森保監督のマネジメントの良さはどこにあるのか。選手選考や起用方法などを考察 (2ページ目)

  • text by Tsugane Ichiro
  • photo by Sano Miki

 しかし、世代交代が必要だからといって、年齢の高い選手を闇雲に切り捨てなかったのが森保流の丁寧さだったと思う。

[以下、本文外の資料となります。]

(* With the notation and hypotheses on $A_\kappa,B_\kappa,W_P,W_Q,D_P,D_Q,\lambda_2$ and the function $F$ as in the context, let $V'\in\mathbb{R}^{n\times k}$ have strictly positive entries, and for $V\in\mathbb{R}^{n\times k}$ with strictly positive entries define $$\begin{aligned}J(V,V')=\sum_{\kappa=1}^{2}\Big[&-2\sum_{i,s}(B_\kappa^+)_{is}v'_{is}\Big(1+\log\frac{v_{is}}{v'_{is}}\Big)+\sum_{i,s}(B_\kappa^-)_{is}\frac{v_{is}^2+v_{is}'^2}{v'_{is}}+\sum_{i,s}\frac{(V'A_\kappa^+)_{is}v_{is}^2}{v'_{is}}\\&-\sum_{i,s,l}(A_\kappa^-)_{sl}v'_{is}v'_{il}\Big(1+\log\frac{v_{is}v_{il}}{v'_{is}v'_{il}}\Big)\Big]\\ +\lambda_2\sum_{G\in\{P,Q\}}\Big[&\sum_{i,s}\frac{(D_GV')_{is}v_{is}^2}{v'_{is}}-\sum_{j,l,s}(W_G)_{jl}v'_{js}v'_{ls}\Big(1+\log\frac{v_{js}v_{ls}}{v'_{js}v'_{ls}}\Big)\Big].\end{aligned}$$ Then (i) $J(V,V')\ge F(V)$ and $J(V,V)=F(V)$ for all such $V,V'$, i.e. $J$ is an auxiliary function for $F$; (ii) $J(\cdot,V')$ is convex on the open positive orthant; and (iii) if the matrices $\Delta_1=B_1^++B_2^++V'(A_1^-+A_2^-)+\lambda_2(W_P+W_Q)V'$ and $\Delta_2=B_1^-+B_2^-+V'(A_1^++A_2^+)+\lambda_2(D_P+D_Q)V'$ have strictly positive entries, then the global minimizer of $J(\cdot,V')$ over the positive orthant is given by $v_{ij}=v'_{ij}\sqrt{(\Delta_1)_{ij}/(\Delta_2)_{ij}}$.
   Context: Setting: $n,k\ge1$, $\lambda_2\ge0$; $A_1,A_2\in\mathbb{R}^{k\times k}$ symmetric; $B_1,B_2\in\mathbb{R}^{n\times k}$; $W_P,W_Q\in\mathbb{R}^{n\times n}$ symmetric with nonnegative entries; $D_P,D_Q$ diagonal with $(D_G)_{ii}=\sum_j(W_G)_{ij}$. For a real matrix $M$, $M^+_{ij}=(|M_{ij}|+M_{ij})/2$ and $M^-_{ij}=(|M_{ij}|-M_{ij})/2$. For $V=[v_{ij}]\in\mathbb{R}^{n\times k}$, $F(V)=\mathrm{Tr}\big(-2V^TB_1^+ + 2V^TB_1^- + VA_1^+V^T - VA_1^-V^T - 2V^TB_2^+ + 2V^TB_2^- + VA_2^+V^T - VA_2^-V^T + \lambda_2 V^TD_PV - \lambda_2 V^TW_PV + \lambda_2 V^TD_QV - \lambda_2 V^TW_QV\big)$. *)

theory Defs
  imports "HOL-Analysis.Analysis"
begin

text \<open>Matrices are rendered as Cartesian-product types: an n-by-k real matrix is
  a value of type real^'k^'n (row index in 'n, column index in 'k), so
  M $ i $ j is the entry in row i, column j.\<close>

definition pospart :: "real^'c^'r \<Rightarrow> real^'c^'r" where
  "pospart M = (\<chi> i j. (\<bar>M $ i $ j\<bar> + M $ i $ j) / 2)"

definition negpart :: "real^'c^'r \<Rightarrow> real^'c^'r" where
  "negpart M = (\<chi> i j. (\<bar>M $ i $ j\<bar> - M $ i $ j) / 2)"

definition degmat :: "real^'n^'n \<Rightarrow> real^'n^'n" where
  "degmat W = (\<chi> i j. if i = j then (\<Sum>l\<in>UNIV. W $ i $ l) else 0)"

definition posorth :: "(real^'c^'r) set" where
  "posorth = {V. \<forall>i j. V $ i $ j > 0}"

text \<open>The objective F (trace of a sum = sum of traces of the square summands).\<close>
definition Fobj ::
  "real \<Rightarrow> real^'k^'k \<Rightarrow> real^'k^'k \<Rightarrow> real^'k^'n \<Rightarrow> real^'k^'n
     \<Rightarrow> real^'n^'n \<Rightarrow> real^'n^'n \<Rightarrow> real^'k^'n \<Rightarrow> real" where
  "Fobj lam2 A1 A2 B1 B2 WP WQ V =
     - 2 * trace (transpose V ** pospart B1) + 2 * trace (transpose V ** negpart B1)
     + trace (V ** pospart A1 ** transpose V) - trace (V ** negpart A1 ** transpose V)
     - 2 * trace (transpose V ** pospart B2) + 2 * trace (transpose V ** negpart B2)
     + trace (V ** pospart A2 ** transpose V) - trace (V ** negpart A2 ** transpose V)
     + lam2 * trace (transpose V ** degmat WP ** V) - lam2 * trace (transpose V ** WP ** V)
     + lam2 * trace (transpose V ** degmat WQ ** V) - lam2 * trace (transpose V ** WQ ** V)"

definition Jpart :: "real^'k^'k \<Rightarrow> real^'k^'n \<Rightarrow> real^'k^'n \<Rightarrow> real^'k^'n \<Rightarrow> real" where
  "Jpart A B V V' =
     - 2 * (\<Sum>i\<in>UNIV. \<Sum>s\<in>UNIV. pospart B $ i $ s * V' $ i $ s
              * (1 + ln (V $ i $ s / V' $ i $ s)))
     + (\<Sum>i\<in>UNIV. \<Sum>s\<in>UNIV. negpart B $ i $ s
              * ((V $ i $ s)\<^sup>2 + (V' $ i $ s)\<^sup>2) / V' $ i $ s)
     + (\<Sum>i\<in>UNIV. \<Sum>s\<in>UNIV. (V' ** pospart A) $ i $ s * (V $ i $ s)\<^sup>2 / V' $ i $ s)
     - (\<Sum>i\<in>UNIV. \<Sum>s\<in>UNIV. \<Sum>l\<in>UNIV. negpart A $ s $ l * V' $ i $ s * V' $ i $ l
              * (1 + ln ((V $ i $ s * V $ i $ l) / (V' $ i $ s * V' $ i $ l))))"

definition Jgraph :: "real^'n^'n \<Rightarrow> real^'k^'n \<Rightarrow> real^'k^'n \<Rightarrow> real" where
  "Jgraph W V V' =
     (\<Sum>i\<in>UNIV. \<Sum>s\<in>UNIV. (degmat W ** V') $ i $ s * (V $ i $ s)\<^sup>2 / V' $ i $ s)
     - (\<Sum>j\<in>UNIV. \<Sum>l\<in>UNIV. \<Sum>s\<in>UNIV. W $ j $ l * V' $ j $ s * V' $ l $ s
              * (1 + ln ((V $ j $ s * V $ l $ s) / (V' $ j $ s * V' $ l $ s))))"

definition Jaux ::
  "real \<Rightarrow> real^'k^'k \<Rightarrow> real^'k^'k \<Rightarrow> real^'k^'n \<Rightarrow> real^'k^'n
     \<Rightarrow> real^'n^'n \<Rightarrow> real^'n^'n \<Rightarrow> real^'k^'n \<Rightarrow> real^'k^'n \<Rightarrow> real" where
  "Jaux lam2 A1 A2 B1 B2 WP WQ V V' =
     Jpart A1 B1 V V' + Jpart A2 B2 V V' + lam2 * (Jgraph WP V V' + Jgraph WQ V V')"

end

theory Submission
  imports Defs
begin

text \<open>
  The logarithmic terms of \<open>J\<close> are bounded by the tangent-line inequality
  \<open>y (1 + ln (x / y)) \<le> x\<close>, and the quadratic term \<open>V A\<^sup>+ V\<^sup>T\<close> by the weighted squares
  coming from \<open>2 a b \<le> a\<^sup>2 t + b\<^sup>2 / t\<close>; this gives \<open>F \<le> J\<close>, with equality when \<open>V = V'\<close>.
  Expanding the logarithms with the symmetry of \<open>A\<^sup>-\<close> and \<open>W\<close>, \<open>J(\<cdot>, V')\<close> differs by a constant from
  \<open>\<Sum> (\<Delta>\<^sub>2)\<^sub>i\<^sub>s v\<^sub>i\<^sub>s\<^sup>2 / v'\<^sub>i\<^sub>s - 2 v'\<^sub>i\<^sub>s (\<Delta>\<^sub>1)\<^sub>i\<^sub>s ln v\<^sub>i\<^sub>s\<close>, a sum of one-variable functions
  \<open>a t\<^sup>2 - b ln t\<close> with \<open>a, b \<ge> 0\<close>: convex, and for \<open>a, b > 0\<close> uniquely minimised at
  \<open>t = v' sqrt (\<Delta>\<^sub>1 / \<Delta>\<^sub>2)\<close>.
\<close>

lemma matrix_matrix_mult_component:
  "(X ** Z) $ i $ j = (\<Sum>k\<in>UNIV. X $ i $ k * Z $ k $ j)"
  by (simp add: matrix_matrix_mult_def)

lemma pospart_nonneg: "pospart M $ i $ j \<ge> 0"
  by (simp add: pospart_def)

lemma negpart_nonneg: "negpart M $ i $ j \<ge> 0"
  by (simp add: negpart_def)

lemma posorthD: "V \<in> posorth \<Longrightarrow> V $ i $ j > 0"
  by (simp add: posorth_def)

lemma symmetric_matrix_component: "transpose A = A \<Longrightarrow> A $ i $ j = A $ j $ i"
  by (metis transpose_def vec_lambda_beta)

lemma transpose_pospart: "transpose (pospart A) = pospart (transpose A)"
  by (simp add: pospart_def transpose_def)

lemma transpose_negpart: "transpose (negpart A) = negpart (transpose A)"
  by (simp add: negpart_def transpose_def)

lemma symmetric_pospart: "transpose A = A \<Longrightarrow> transpose (pospart A) = pospart A"
  by (simp add: transpose_pospart)

lemma symmetric_negpart: "transpose A = A \<Longrightarrow> transpose (negpart A) = negpart A"
  by (simp add: transpose_negpart)

lemma mult_symmetric_component:
  fixes A :: "real^'k^'k" and Y :: "real^'k^'n"
  assumes "transpose A = A"
  shows "(Y ** A) $ i $ s = (\<Sum>l\<in>UNIV. A $ s $ l * Y $ i $ l)"
  unfolding matrix_matrix_mult_component
proof (rule sum.cong[OF refl])
  fix l
  show "Y $ i $ l * A $ l $ s = A $ s $ l * Y $ i $ l"
    using symmetric_matrix_component[OF assms, of l s] by (simp add: mult.commute)
qed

 それまでの日本代表を長きにわたって支えた岡崎慎司、香川真司、乾貴士などのベテラン選手を、森保監督は少なくとも一度は日本代表に招集した。この意図は「年齢で招集されないことはない」とのメッセージを彼らに伝えたかったのだと思う。加えて、大舞台や勝負どころになれば、経験が豊富なベテランの存在が必要になるケースもある。もしかすると、いざという時にチームを好転させる資質の有無をチェックしたのかもしれない。

 丁寧な招集や起用は、ベテラン選手だけにとどまらない。これまで多くの日本代表監督は海外組を優遇してきた。もちろん、それには理由があって、海外組はJリーグで結果を残した能力の高い選手で、日常的に大きくて強い外国選手とわたりあっているので、日本代表でも高い戦力になるからだ。

 しかし、海外クラブに所属していれば誰でも彼でも、Jリーグ組より能力が上回っているわけではない。過去にはJリーグ組をチェックしないまま、海外クラブでプレーしているというだけで国内組よりレベルの低い選手を突拍子もなく招集した監督もいた。

 たが、森保監督はそうしたところがまったくない。海外組を招集する一方、Jリーグにも足繁く通って、年齢にかかわらず能力やコンディションのいい選手を日本代表に引き入れてきた。これによって、Jリーグでプレーする選手もモチベーションを高く保つことにつながった。

 選手起用でも丁寧さは随所に見られた。日本代表は19年9月から始まったW杯アジア2次予選を8戦全勝。総得点46、総失点2で、格下に取りこぼしせずに勝ち点を積み上げたため、3月や6月の国際試合シリーズでは数多くの新たな戦力を試す余裕も生まれた。Jリーグからも多くの選手が起用されたが、どんな相手であっても結果を残した選手には、また次もチャンスを与えたのが印象的だった。